# Activity
Check each line of the listing below for the word "UNIV" and say how many lines have it. Nothing else should be written.
--- START ---
(* Let $q=2^f$ with $f$ odd, and let $q_0<q$ be a power of $2$. Then there exist at least $2(q+1)/3$ elements $u\in\mathbb{F}_q$ such that the polynomial $X^{q_0+1}+uX^{q_0}+(u+1)X+1$ has no roots in $\mathbb{F}_q$. *)

theory Defs
  imports Complex_Main "HOL-Library.Cardinality"
begin

end

theory Submission
  imports Defs
begin

text \<open>
  Write P_u(X) = X^(q0+1) + u X^q0 + (u + 1) X + 1 and sigma(x) = 1/(x + 1).
  In characteristic 2 the map sigma has order 3 on F_q - {0, 1}, and
  P_u(sigma x) (x + 1)^(q0+1) = P_u(x), so the roots of P_u form a union of
  sigma-orbits. A fixed point of sigma is a root of X^2 + X + 1, i.e. a
  primitive cube root of unity, which does not exist because q - 1 = 2^f - 1
  is prime to 3 for odd f; so every orbit has 3 elements. Root sets of
  different P_u are disjoint, since P_u - P_v = (u + v)(X^q0 + X) and
  x^q0 = x forces P_u(x) = x^2 + x + 1 \<noteq> 0, and they avoid 0 and 1.
  Hence at most (q - 2)/3 values of u give a polynomial with a root.
\<close>

lemma of_nat_CARD_eq_0: "of_nat CARD('a) = (0::'a::{ring_1,finite})"
proof -
  have "(\<Sum>y\<in>UNIV. 1 + y) = (\<Sum>y::'a\<in>UNIV. y)"
    by (rule sum.reindex_bij_witness[of _ "\<lambda>y. y - 1" "\<lambda>y. 1 + y"]) auto
  then show ?thesis
    by (simp add: sum.distrib)
qed

lemma finite_field_power_card_minus_1:
  fixes a :: "'a::{field,finite}"
  assumes "a \<noteq> 0"
  shows "a ^ (CARD('a) - 1) = 1"
proof -
  let ?S = "UNIV - {0::'a}"
  have "(\<Prod>y\<in>?S. a * y) = (\<Prod>y\<in>?S. y)"
    by (rule prod.reindex_bij_witness[of _ "\<lambda>y. y / a" "\<lambda>y. a * y"]) (use assms in auto)
  moreover have "(\<Prod>y\<in>?S. a * y) = a ^ card ?S * (\<Prod>y\<in>?S. y)"
    by (simp add: prod.distrib)
  moreover have "(\<Prod>y\<in>?S. y) \<noteq> 0"
    by simp
  moreover have "card ?S = CARD('a) - 1"
    by (simp add: card_Diff_subset)
  ultimately show ?thesis
    by simp
qed

lemma two_power_odd_mod_3:
  assumes "odd f"
  shows "(2::nat) ^ f mod 3 = 2"
proof -
  obtain m where f: "f = 2 * m + 1"
    using assms oddE by blast
  have "(4::nat) ^ m mod 3 = 1"
    using power_mod[of "4::nat" 3 m] by simp
  then have "2 * (4 ^ m mod 3) mod 3 = (2::nat)"
    by simp
  then show ?thesis
    by (simp add: f power_add power_mult mod_mult_right_eq)
qed

lemma char_2_if_card_power_of_2:
  assumes "CARD('a::{field,finite}) = 2 ^ f"
  shows "(2::'a) = 0"
  using of_nat_CARD_eq_0[where 'a='a] assms by simp

lemma power_two_power_add_char_2:
  fixes x y :: "'a::comm_ring_1"
  assumes "(2::'a) = 0"
  shows "(x + y) ^ 2 ^ e = x ^ 2 ^ e + y ^ 2 ^ e"
proof (induction e)
  case (Suc e)
  then show ?case
    by (simp add: power_Suc2 power_mult power2_sum assms del: power_Suc)
qed simp

lemma char_2_minus_eq: "(2::'a::ring_1) = 0 \<Longrightarrow> - x = (x::'a)"
  by (metis minus_unique mult_2 mult_zero_left)

lemma no_cube_root_of_unity:
  fixes x :: "'a::{field,finite}"
  assumes char_2: "(2::'a) = 0" and card_mod_3: "CARD('a) mod 3 = 2"
  shows "x\<^sup>2 + x + 1 \<noteq> 0"
proof
  assume root: "x\<^sup>2 + x + 1 = 0"
  then have "x \<noteq> 0"
    by auto
  have "x ^ 3 - 1 = (x - 1) * (x\<^sup>2 + x + 1)"
    by (simp add: algebra_simps power2_eq_square power3_eq_cube)
  then have cube: "x ^ 3 = 1"
    using root by simp
  have "CARD('a) - 1 = 3 * (CARD('a) div 3) + 1"
    using card_mod_3 div_mult_mod_eq[of "CARD('a)" 3] by linarith
  then have "x ^ (3 * (CARD('a) div 3) + 1) = 1"
    using finite_field_power_card_minus_1[OF \<open>x \<noteq> 0\<close>] by simp
  then have "x = 1"
    using cube by (simp add: power_mult)
  then show False
    using root char_2 by simp
qed

definition Pol :: "nat \<Rightarrow> 'a \<Rightarrow> 'a \<Rightarrow> 'a::comm_ring_1" where
  "Pol e u x = x ^ (2 ^ e + 1) + u * x ^ 2 ^ e + (u + 1) * x + 1"

definition \<sigma> :: "'a \<Rightarrow> 'a::field" where
  "\<sigma> x = inverse (x + 1)"

lemma Pol_0 [simp]: "Pol e u 0 = 1"
  by (simp add: Pol_def power_0_left)

lemma Pol_1: "(2::'a::comm_ring_1) = 0 \<Longrightarrow> Pol e u (1::'a) = 1"
  by (simp add: Pol_def algebra_simps mult_2[symmetric])

lemma Pol_\<sigma>:
  fixes x :: "'a::field"
  assumes char_2: "(2::'a) = 0" and "x + 1 \<noteq> 0"
  shows "Pol e u (\<sigma> x) * (x + 1) ^ (2 ^ e + 1) = Pol e u x"
proof -
  let ?q = "2 ^ e :: nat"
  let ?w = "x + 1"
  have inv_pow: "\<sigma> x ^ n * ?w ^ n = 1" for n
    using assms(2) by (simp add: \<sigma>_def power_mult_distrib[symmetric])
  have "\<sigma> x ^ ?q * ?w ^ (?q + 1) = ?w" "\<sigma> x * ?w ^ (?q + 1) = ?w ^ ?q"
    using inv_pow[of ?q] inv_pow[of 1] by (simp_all add: power_add mult.assoc[symmetric])
  then have "Pol e u (\<sigma> x) * ?w ^ (?q + 1) = 1 + u * ?w + (u + 1) * ?w ^ ?q + ?w ^ (?q + 1)"
    using inv_pow[of "?q + 1"] by (simp only: Pol_def distrib_right mult.assoc mult_1_left)
  also have "\<dots> = Pol e u x + 2 * (1 + u + x ^ ?q)"
    by (simp add: Pol_def power_two_power_add_char_2[OF char_2] algebra_simps power_add)
  finally show ?thesis
    using char_2 by simp
qed

lemma Pol_root_neq_0_1:
  fixes x :: "'a::comm_ring_1"
  assumes "(2::'a) = 0" and "Pol e u x = 0"
  shows "x \<noteq> 0" and "x + 1 \<noteq> 0"
proof -
  show "x \<noteq> 0"
    using assms(2) by auto
  show "x + 1 \<noteq> 0"
  proof
    assume "x + 1 = 0"
    then have "x = - 1"
      by (simp add: eq_neg_iff_add_eq_0)
    then have "x = 1"
      using char_2_minus_eq[OF assms(1), of 1] by simp
    then show False
      using assms(2) Pol_1[OF assms(1)] by simp
  qed
qed

lemma Pol_root_\<sigma>:
  fixes x :: "'a::field"
  assumes char_2: "(2::'a) = 0" and "Pol e u x = 0"
  shows "Pol e u (\<sigma> x) = 0"
  using Pol_\<sigma>[OF char_2 Pol_root_neq_0_1(2)[OF assms], of e u] Pol_root_neq_0_1(2)[OF assms] assms(2)
  by simp

lemma Pol_diff: "Pol e u x - Pol e v x = (u - v) * (x ^ 2 ^ e + x)"
  by (simp add: Pol_def algebra_simps)

lemma Pol_if_power_eq_self:
  fixes x :: "'a::comm_ring_1"
  assumes "(2::'a) = 0" and "x ^ 2 ^ e = x"
  shows "Pol e u x = x\<^sup>2 + x + 1"
proof -
  have "Pol e u x = x\<^sup>2 + x + 1 + 2 * (u * x)"
    using assms(2) by (simp add: Pol_def power_add power2_eq_square algebra_simps)
  then show ?thesis
    using assms(1) by simp
qed

lemma Pol_root_unique:
  fixes x :: "'a::field"
  assumes char_2: "(2::'a) = 0" and no_cube: "x\<^sup>2 + x + 1 \<noteq> 0"
    and "Pol e u x = 0" and "Pol e v x = 0"
  shows "u = v"
proof (rule ccontr)
  assume "u \<noteq> v"
  then have "x ^ 2 ^ e + x = 0"
    using Pol_diff[of e u x v] assms(3,4) by simp
  then have "x ^ 2 ^ e = x"
    using char_2_minus_eq[OF char_2] by (metis add_eq_0_iff)
  then show False
    using Pol_if_power_eq_self[OF char_2] no_cube assms(3) by simp
qed

lemma \<sigma>_fixed_point:
  fixes x :: "'a::field"
  assumes char_2: "(2::'a) = 0" and fixed: "\<sigma> x = x"
  shows "x\<^sup>2 + x + 1 = 0"
proof -
  have "x + 1 \<noteq> 0"
    using fixed by (auto simp: \<sigma>_def)
  then have "x * (x + 1) = 1"
    using fixed by (metis \<sigma>_def left_inverse)
  then have "x\<^sup>2 + x + 1 = 2"
    by (simp add: algebra_simps power2_eq_square)
  then show ?thesis
    using char_2 by simp
qed

lemma \<sigma>_\<sigma>_\<sigma>:
  fixes x :: "'a::field"
  assumes char_2: "(2::'a) = 0" and "x \<noteq> 0" and "x + 1 \<noteq> 0"
  shows "\<sigma> (\<sigma> (\<sigma> x)) = x"
proof -
  have "\<sigma> x + 1 = x / (x + 1)"
    using assms by (simp add: \<sigma>_def field_simps flip: mult_2)
  then have "\<sigma> (\<sigma> x) + 1 = inverse x"
    using assms by (simp add: \<sigma>_def field_simps flip: mult_2)
  then show ?thesis
    by (simp add: \<sigma>_def)
qed

lemma card_\<sigma>_orbit:
  fixes x :: "'a::field"
  assumes char_2: "(2::'a) = 0" and no_cube: "\<And>y::'a. y\<^sup>2 + y + 1 \<noteq> 0"
    and "x \<noteq> 0" and "x + 1 \<noteq> 0"
  shows "card {x, \<sigma> x, \<sigma> (\<sigma> x)} = 3"
proof -
  have no_fixed_point: "\<sigma> y \<noteq> y" for y :: 'a
    using \<sigma>_fixed_point[OF char_2] no_cube by blast
  have "\<sigma> (\<sigma> x) \<noteq> x"
  proof
    assume "\<sigma> (\<sigma> x) = x"
    then have "\<sigma> x = \<sigma> (\<sigma> (\<sigma> x))"
      by simp
    then show False
      using \<sigma>_\<sigma>_\<sigma>[OF assms(1,3,4)] no_fixed_point by simp
  qed
  then show ?thesis
    using no_fixed_point[of x] no_fixed_point[of "\<sigma> x"] by simp
qed

lemma card_Pol_roots_ge_3:
  fixes x :: "'a::{field,finite}"
  assumes char_2: "(2::'a) = 0" and no_cube: "\<And>y::'a. y\<^sup>2 + y + 1 \<noteq> 0"
    and root: "Pol e u x = 0"
  shows "3 \<le> card {y. Pol e u y = 0}"
proof -
  have "{x, \<sigma> x, \<sigma> (\<sigma> x)} \<subseteq> {y. Pol e u y = 0}"
    using root Pol_root_\<sigma>[OF char_2] by auto
  then have "card {x, \<sigma> x, \<sigma> (\<sigma> x)} \<le> card {y. Pol e u y = 0}"
    by (rule card_mono[OF finite])
  then show ?thesis
    using card_\<sigma>_orbit[OF char_2 no_cube Pol_root_neq_0_1[OF char_2 root]] by simp
qed

lemma card_Pol_has_root_le:
  assumes char_2: "(2::'a::{field,finite}) = 0" and no_cube: "\<And>y::'a. y\<^sup>2 + y + 1 \<noteq> 0"
  shows "3 * card {u::'a. \<exists>x. Pol e u x = 0} \<le> CARD('a) - 2"
proof -
  let ?B = "{u::'a. \<exists>x. Pol e u x = 0}"
  let ?roots = "\<lambda>u. {x. Pol e u x = 0}"
  have "3 * card ?B = (\<Sum>u\<in>?B. 3)"
    by simp
  also have "\<dots> \<le> (\<Sum>u\<in>?B. card (?roots u))"
    by (rule sum_mono) (auto intro: card_Pol_roots_ge_3[OF char_2 no_cube])
  also have "\<dots> = card (\<Union>u\<in>?B. ?roots u)"
    by (rule card_UN_disjoint[symmetric]) (auto dest: Pol_root_unique[OF char_2 no_cube])
  also have "\<dots> \<le> card (UNIV - {0::'a, 1})"
    by (rule card_mono) (auto simp: Pol_1[OF char_2])
  also have "\<dots> = CARD('a) - 2"
    by (simp add: card_Diff_subset)
  finally show ?thesis .
qed

theorem lemma5p1:
  fixes f e :: nat
  assumes field_size: "CARD('a) = 2 ^ f"
    and f_odd: "odd f"
    and q0_lt: "(2::nat) ^ e < 2 ^ f"
  shows "2 * (real (2 ^ f) + 1) / 3 \<le>
    real (card {u :: 'a::{field,finite}. \<forall>x :: 'a.
        x ^ (2 ^ e + 1) + u * x ^ (2 ^ e) + (u + 1) * x + 1 \<noteq> 0})"
proof -
  have char_2: "(2::'a) = 0"
    using field_size by (rule char_2_if_card_power_of_2)
  have no_cube: "y\<^sup>2 + y + 1 \<noteq> 0" for y :: 'a
    using no_cube_root_of_unity[OF char_2] two_power_odd_mod_3[OF f_odd] field_size by simp
  let ?B = "{u::'a. \<exists>x. Pol e u x = 0}"
  have rootless_eq:
    "{u :: 'a. \<forall>x :: 'a. x ^ (2 ^ e + 1) + u * x ^ (2 ^ e) + (u + 1) * x + 1 \<noteq> 0} = UNIV - ?B"
    by (auto simp: Pol_def)
  have "(2::nat) \<le> 2 ^ f"
    using f_odd by (cases f) simp_all
  then have bound: "3 * card ?B + 2 \<le> 2 ^ f"
    using card_Pol_has_root_le[OF char_2 no_cube, of e] field_size by simp
  then have "3 * real (card ?B) + 2 \<le> 2 ^ f"
    using of_nat_mono[where 'a=real] by fastforce
  then show ?thesis
    using bound field_size unfolding rootless_eq by (simp add: card_Diff_subset of_nat_diff)
qed

end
--- END ---
# Exercise output
4